*Required action*. Look through the listing and locate every line containing the word "idom"; copy those lines.

*Supplied material*.

(* Let $\mathbb{K}$ be a field and let $P_1, P_2 \in \mathbb{K}[X]$ be irreducible. If there exists a ring isomorphism $f : \mathbb{K}[X]/(P_1) \to \mathbb{K}[X]/(P_2)$ stabilizing $\mathbb{K}$ such that $Q_f' \neq 0$, then the rings $\mathbb{K}[X]/(P_1^n)$ and $\mathbb{K}[X]/(P_2^n)$ are isomorphic for all $n \geq 1$.
   Context: A ring homomorphism $f : A \to B$ between $\mathbb{K}$-algebras stabilizes $\mathbb{K}$ if there is a field automorphism $\sigma_f$ of $\mathbb{K}$ with $f(a) = \sigma_f(a)$ for all $a \in \mathbb{K}$. For a ring isomorphism $f : \mathbb{K}[X]/(P_1) \to \mathbb{K}[X]/(P_2)$ stabilizing $\mathbb{K}$, $Q_f$ is the unique polynomial of degree $< \deg P_2$ such that $f$ sends the class of $X$ to the class of $Q_f$; $'$ denotes the formal derivative. *)

theory Defs
  imports "HOL-Computational_Algebra.Polynomial" "HOL-Algebra.QuotRing"
begin

definition poly_ring :: "'a::comm_ring_1 poly ring" where
  "poly_ring = \<lparr>carrier = UNIV, monoid.mult = (*), one = 1, zero = 0, add = (+)\<rparr>"

definition quot_poly :: "'a::comm_ring_1 poly \<Rightarrow> 'a poly set ring" where
  "quot_poly P = poly_ring Quot (PIdl\<^bsub>poly_ring\<^esub> P)"

definition pclass :: "'a::comm_ring_1 poly \<Rightarrow> 'a poly \<Rightarrow> 'a poly set" where
  "pclass P q = (PIdl\<^bsub>poly_ring\<^esub> P) +>\<^bsub>poly_ring\<^esub> q"

definition field_automorphism :: "('a::field \<Rightarrow> 'a) \<Rightarrow> bool" where
  "field_automorphism \<sigma> \<longleftrightarrow> bij \<sigma> \<and> (\<forall>a b. \<sigma> (a + b) = \<sigma> a + \<sigma> b)
     \<and> (\<forall>a b. \<sigma> (a * b) = \<sigma> a * \<sigma> b) \<and> \<sigma> 1 = 1"

definition stabilizes_K ::
  "'a::field poly \<Rightarrow> 'a poly \<Rightarrow> ('a poly set \<Rightarrow> 'a poly set) \<Rightarrow> bool" where
  "stabilizes_K P1 P2 f \<longleftrightarrow> (\<exists>\<sigma>. field_automorphism \<sigma> \<and>
      (\<forall>a. f (pclass P1 [:a:]) = pclass P2 [:\<sigma> a:]))"

definition Q_f :: "'a::field poly \<Rightarrow> 'a poly \<Rightarrow> ('a poly set \<Rightarrow> 'a poly set) \<Rightarrow> 'a poly" where
  "Q_f P1 P2 f = (THE Q. degree Q < degree P2 \<and> f (pclass P1 [:0, 1:]) = pclass P2 Q)"

end

(* The isomorphism f lifts to the ring endomorphism phi(A) = A^sigma(Q) of K[X] (apply sigma to
   the coefficients, then substitute Q for X): P2 divides phi(A) iff P1 divides A, and phi is onto
   modulo P2. As deg Q < deg P2 and Q' <> 0, P2 does not divide Q', and this forbids P2^2 | phi(P1):
   differentiating phi(P1) would give P1 | P1', and then for A with phi(A) = X mod P2 one finds
   P1 | A', so that B = Q^(sigma^-1)(A), which is X mod P1, would satisfy both P1 | B' and
   B' = 1 mod P1. Hence phi(P1) = P2 T with T invertible modulo P2, and a Hensel-type induction
   shows that P2^n | phi(A) iff P1^n | A and that phi is onto modulo P2^n, so phi induces an
   isomorphism K[X]/(P1^n) -> K[X]/(P2^n). *)

theory Submission
  imports Defs "HOL-Computational_Algebra.Polynomial_Factorial"
begin

section \<open>The quotient rings K[X]/(P)\<close>

lemma poly_ring_simps [simp]:
  "carrier poly_ring = UNIV" "mult poly_ring = (*)" "add poly_ring = (+)"
  "one poly_ring = 1" "zero poly_ring = 0"
  by (simp_all add: poly_ring_def)

lemma cring_poly_ring: "cring (poly_ring :: 'a::comm_ring_1 poly ring)"
proof (rule cringI)
  show "abelian_group (poly_ring :: 'a poly ring)"
  proof (rule abelian_groupI)
    fix x :: "'a poly"
    show "\<exists>y\<in>carrier poly_ring. y \<oplus>\<^bsub>poly_ring\<^esub> x = \<zero>\<^bsub>poly_ring\<^esub>"
      by (rule bexI[of _ "- x"]) simp_all
  qed (simp_all add: algebra_simps)
  show "Group.comm_monoid (poly_ring :: 'a poly ring)"
    by (rule comm_monoidI) (simp_all add: algebra_simps)
qed (simp_all add: algebra_simps)

lemma PIdl_poly_ring: "PIdl\<^bsub>poly_ring\<^esub> (P::'a::comm_ring_1 poly) = {A. P dvd A}"
  by (auto simp: cgenideal_def dvd_def mult.commute)

lemma ideal_PIdl_poly_ring: "ideal (PIdl\<^bsub>poly_ring\<^esub> (P::'a::comm_ring_1 poly)) poly_ring"
  using cring.cgenideal_ideal[OF cring_poly_ring] by simp

lemma pclass_eq: "pclass P q = {A. P dvd A - q}"
proof -
  have "A \<in> pclass P q \<longleftrightarrow> P dvd A - q" for A
    by (auto simp: pclass_def PIdl_poly_ring a_r_coset_def r_coset_def
        intro!: exI[of _ "A - q"])
  then show ?thesis by blast
qed

lemma pclass_eq_iff: "pclass P a = pclass P b \<longleftrightarrow> P dvd a - b"
proof
  assume "pclass P a = pclass P b"
  moreover have "a \<in> pclass P a" by (simp add: pclass_eq)
  ultimately show "P dvd a - b" by (simp add: pclass_eq)
next
  assume "P dvd a - b"
  then have "P dvd A - a \<longleftrightarrow> P dvd A - b" for A
    by (metis diff_add_cancel diff_diff_eq2 dvd_add_left_iff)
  then show "pclass P a = pclass P b" by (simp add: pclass_eq)
qed

lemma carrier_quot_poly: "carrier (quot_poly P) = range (pclass P)"
  unfolding quot_poly_def FactRing_def A_RCOSETS_def' pclass_def by auto

lemma quot_poly_add: "pclass P a \<oplus>\<^bsub>quot_poly P\<^esub> pclass P b = pclass P (a + b)"
  using ideal.a_rcos_sum[OF ideal_PIdl_poly_ring[of P], of a b]
  unfolding quot_poly_def FactRing_def pclass_def by simp

lemma quot_poly_mult: "pclass P a \<otimes>\<^bsub>quot_poly P\<^esub> pclass P b = pclass P (a * b)"
  using ideal.rcoset_mult_add[OF ideal_PIdl_poly_ring[of P], of a b]
  unfolding quot_poly_def FactRing_def pclass_def by simp

lemma quot_poly_one: "\<one>\<^bsub>quot_poly P\<^esub> = pclass P 1"
  unfolding quot_poly_def FactRing_def pclass_def by simp

lemma quot_poly_zero: "\<zero>\<^bsub>quot_poly P\<^esub> = pclass P 0"
proof -
  have "pclass P 0 = PIdl\<^bsub>poly_ring\<^esub> P"
    by (simp add: pclass_eq PIdl_poly_ring)
  then show ?thesis unfolding quot_poly_def FactRing_def by simp
qed

lemma ex1_pclass_degree_less:
  fixes P C :: "'a::field poly"
  assumes "degree P \<noteq> 0"
  shows "\<exists>!Q. degree Q < degree P \<and> pclass P C = pclass P Q"
proof -
  have dvd_mod: "P dvd C - C mod P"
    by (metis minus_mod_eq_mult_div dvd_triv_left)
  have degree_mod: "degree (C mod P) < degree P"
    using assms degree_mod_less[of P C] by (cases "P = 0") auto
  show ?thesis
  proof (rule ex1I)
    show "degree (C mod P) < degree P \<and> pclass P C = pclass P (C mod P)"
      using dvd_mod degree_mod by (simp add: pclass_eq_iff)
  next
    fix Q assume Q: "degree Q < degree P \<and> pclass P C = pclass P Q"
    then have "P dvd C - Q" by (simp add: pclass_eq_iff)
    with dvd_mod have "P dvd (C - C mod P) - (C - Q)" by (rule dvd_diff)
    then have "P dvd Q - C mod P" by simp
    moreover have "degree (Q - C mod P) < degree P"
      using Q degree_mod degree_diff_le_max[of Q "C mod P"] by auto
    ultimately show "Q = C mod P"
      by (metis dvd_imp_degree_le leD eq_iff_diff_eq_0)
  qed
qed

lemma quot_poly_iso_if_hom_onto:
  fixes h :: "'a::comm_ring_1 poly \<Rightarrow> 'a poly"
  assumes add: "\<And>A B. h (A + B) = h A + h B" and mult: "\<And>A B. h (A * B) = h A * h B"
    and one: "h 1 = 1"
    and kernel: "\<And>A. R dvd h A \<longleftrightarrow> P dvd A" and onto: "\<And>C. \<exists>A. R dvd C - h A"
  shows "quot_poly P \<simeq> quot_poly R"
proof -
  define g where "g A = pclass R (h A)" for A
  have "g \<in> ring_hom poly_ring (quot_poly R)"
    by (rule ring_hom_memI)
      (simp_all add: g_def carrier_quot_poly quot_poly_add quot_poly_mult quot_poly_one add mult one)
  then have hom: "ring_hom_ring poly_ring (quot_poly R) g"
    using cring.axioms(1)[OF cring_poly_ring] ideal.quotient_is_ring[OF ideal_PIdl_poly_ring]
    by (intro ring_hom_ringI2) (simp_all add: quot_poly_def)
  have "carrier (quot_poly R) \<subseteq> g ` carrier poly_ring"
  proof
    fix S assume "S \<in> carrier (quot_poly R)"
    then obtain C where C: "S = pclass R C" by (auto simp: carrier_quot_poly)
    obtain A where "R dvd C - h A" using onto by blast
    then have "S = g A" by (simp add: C g_def pclass_eq_iff)
    then show "S \<in> g ` carrier poly_ring" by simp
  qed
  then have onto_g: "g ` carrier poly_ring = carrier (quot_poly R)"
    by (auto simp: g_def carrier_quot_poly)
  have "a_kernel poly_ring (quot_poly R) g = PIdl\<^bsub>poly_ring\<^esub> P"
    by (auto simp: a_kernel_def' PIdl_poly_ring g_def quot_poly_zero pclass_eq_iff kernel)
  then show ?thesis
    using ring_hom_ring.FactRing_iso[OF hom onto_g] by (simp add: quot_poly_def)
qed

section \<open>Derivatives and Bezout identities for polynomials\<close>

lemma sq_dvd_imp_dvd_pderiv:
  fixes P F :: "'a::idom poly"
  assumes "P^2 dvd F"
  shows "P dvd pderiv F"
proof -
  from assms obtain S where "F = P^2 * S" by (rule dvdE)
  then have "F = P * (P * S)" by (simp add: power2_eq_square mult.assoc)
  then have "pderiv F = P * (pderiv (P * S) + S * pderiv P)"
    by (simp add: pderiv_mult algebra_simps)
  then show ?thesis by simp
qed

lemma dvd_pderiv_diff:
  fixes P A B :: "'a::idom poly"
  assumes "P dvd pderiv P" and "P dvd A - B"
  shows "P dvd pderiv A - pderiv B"
proof -
  obtain V where "A - B = P * V" using assms(2) by (rule dvdE)
  then have "pderiv A - pderiv B = P * pderiv V + V * pderiv P"
    by (metis pderiv_diff pderiv_mult add.commute mult.commute)
  then show ?thesis using assms(1) by simp
qed

lemma pcompose_shift_taylor:
  fixes p H :: "'a::idom poly"
  shows "H^2 dvd pcompose p ([:0, 1:] + H) - p - pderiv p * H"
proof (induction p)
  case 0
  then show ?case by simp
next
  case (pCons a p)
  define X :: "'a poly" where "X = [:0, 1:]"
  from pCons.IH obtain S where "pcompose p (X + H) - p - pderiv p * H = H^2 * S"
    unfolding X_def by (rule dvdE)
  then have S: "pcompose p (X + H) = p + pderiv p * H + H^2 * S"
    by (simp add: algebra_simps)
  have L: "pcompose (pCons a p) (X + H) = [:a:] + (X + H) * (p + pderiv p * H + H^2 * S)"
    by (simp only: pcompose_pCons S)
  have P: "pCons a p = [:a:] + X * p" by (simp add: X_def)
  have D: "pderiv (pCons a p) = p + X * pderiv p" by (simp add: X_def pderiv_pCons)
  have "pcompose (pCons a p) (X + H) - pCons a p - pderiv (pCons a p) * H
      = H^2 * (X * S + pderiv p + H * S)"
    unfolding L D by (subst P) (simp add: algebra_simps power2_eq_square)
  then show ?case unfolding X_def by simp
qed

lemma pcompose_shift_dvd:
  fixes p H :: "'a::idom poly"
  shows "H dvd pcompose p ([:0, 1:] + H) - p"
proof -
  have "H dvd pcompose p ([:0, 1:] + H) - p - pderiv p * H"
    using pcompose_shift_taylor[of H p] by (rule dvd_trans[rotated]) (simp add: power2_eq_square)
  then show ?thesis by (metis diff_add_cancel dvd_add dvd_triv_right)
qed

lemma degree_pderiv_le: "degree (pderiv p) \<le> degree p"
  by (rule degree_le) (auto simp: coeff_pderiv coeff_eq_0)

lemma not_dvd_pderiv_if_degree_less:
  fixes P Q :: "'a::idom poly"
  assumes "degree Q < degree P" and "pderiv Q \<noteq> 0"
  shows "\<not> P dvd pderiv Q"
proof
  assume "P dvd pderiv Q"
  then have "degree P \<le> degree (pderiv Q)" using assms(2) by (rule dvd_imp_degree_le)
  then show False using assms(1) degree_pderiv_le[of Q] by linarith
qed

lemma poly_bezout:
  fixes a b :: "'a::field poly"
  shows "\<exists>d u v. d dvd a \<and> d dvd b \<and> u * a + v * b = d"
proof (induction b arbitrary: a rule: measure_induct_rule[where f = degree])
  case (less b)
  consider "b = 0" | "b dvd a" | "b \<noteq> 0" "\<not> b dvd a" by blast
  then show ?case
  proof cases
    case 1
    then show ?thesis by (intro exI[of _ a] exI[of _ 1] exI[of _ 0]) simp
  next
    case 2
    then show ?thesis by (intro exI[of _ b] exI[of _ 0] exI[of _ 1]) simp
  next
    case 3
    then have "b \<noteq> 0" and "a mod b \<noteq> 0" by (auto simp: mod_eq_0_iff_dvd)
    then have "degree (a mod b) < degree b" by (rule degree_mod_less')
    then obtain d u v where d: "d dvd b" "d dvd a mod b" "u * b + v * (a mod b) = d"
      using less.IH by blast
    have "d dvd a" using d(1,2) by (metis div_mult_mod_eq dvd_add dvd_mult)
    moreover have "v * a + (u - v * (a div b)) * b = d"
    proof -
      have "v * a + (u - v * (a div b)) * b = u * b + v * (a - a div b * b)"
        by (simp add: algebra_simps)
      also have "\<dots> = d" using d(3) by (simp add: minus_div_mult_eq_mod)
      finally show ?thesis .
    qed
    ultimately show ?thesis using d(1) by blast
  qed
qed

lemma irreducible_imp_invertible_mod:
  fixes P T :: "'a::field poly"
  assumes "irreducible P" and "\<not> P dvd T"
  shows "\<exists>V. P dvd T * V - 1"
proof -
  obtain d u v where d: "d dvd P" "d dvd T" "u * P + v * T = d"
    using poly_bezout by blast
  have "is_unit d"
    using assms d(1,2) by (metis dvd_trans irreducible_altdef)
  then obtain e where "1 = d * e" by (rule dvdE)
  then have one: "(u * P + v * T) * e = 1" using d(3) by simp
  have "T * (v * e) - 1 = T * (v * e) - (u * P + v * T) * e" by (simp only: one)
  also have "\<dots> = P * (- u * e)" by (simp add: algebra_simps)
  finally have "P dvd T * (v * e) - 1" by (rule dvdI)
  then show ?thesis by blast
qed

section \<open>Substitution twisted by a field automorphism\<close>

(* The lift to K[X] of a ring isomorphism K[X]/(P1) -> K[X]/(P2) acting as sigma on K and
   sending the class of X to the class of Q. *)
definition twisted_subst :: "('a::field \<Rightarrow> 'a) \<Rightarrow> 'a poly \<Rightarrow> 'a poly \<Rightarrow> 'a poly" where
  "twisted_subst \<sigma> Q A = pcompose (map_poly \<sigma> A) Q"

*Result*.
  fixes P F :: "'a::idom poly"
  fixes P A B :: "'a::idom poly"
  fixes p H :: "'a::idom poly"
  fixes p H :: "'a::idom poly"
  fixes P Q :: "'a::idom poly"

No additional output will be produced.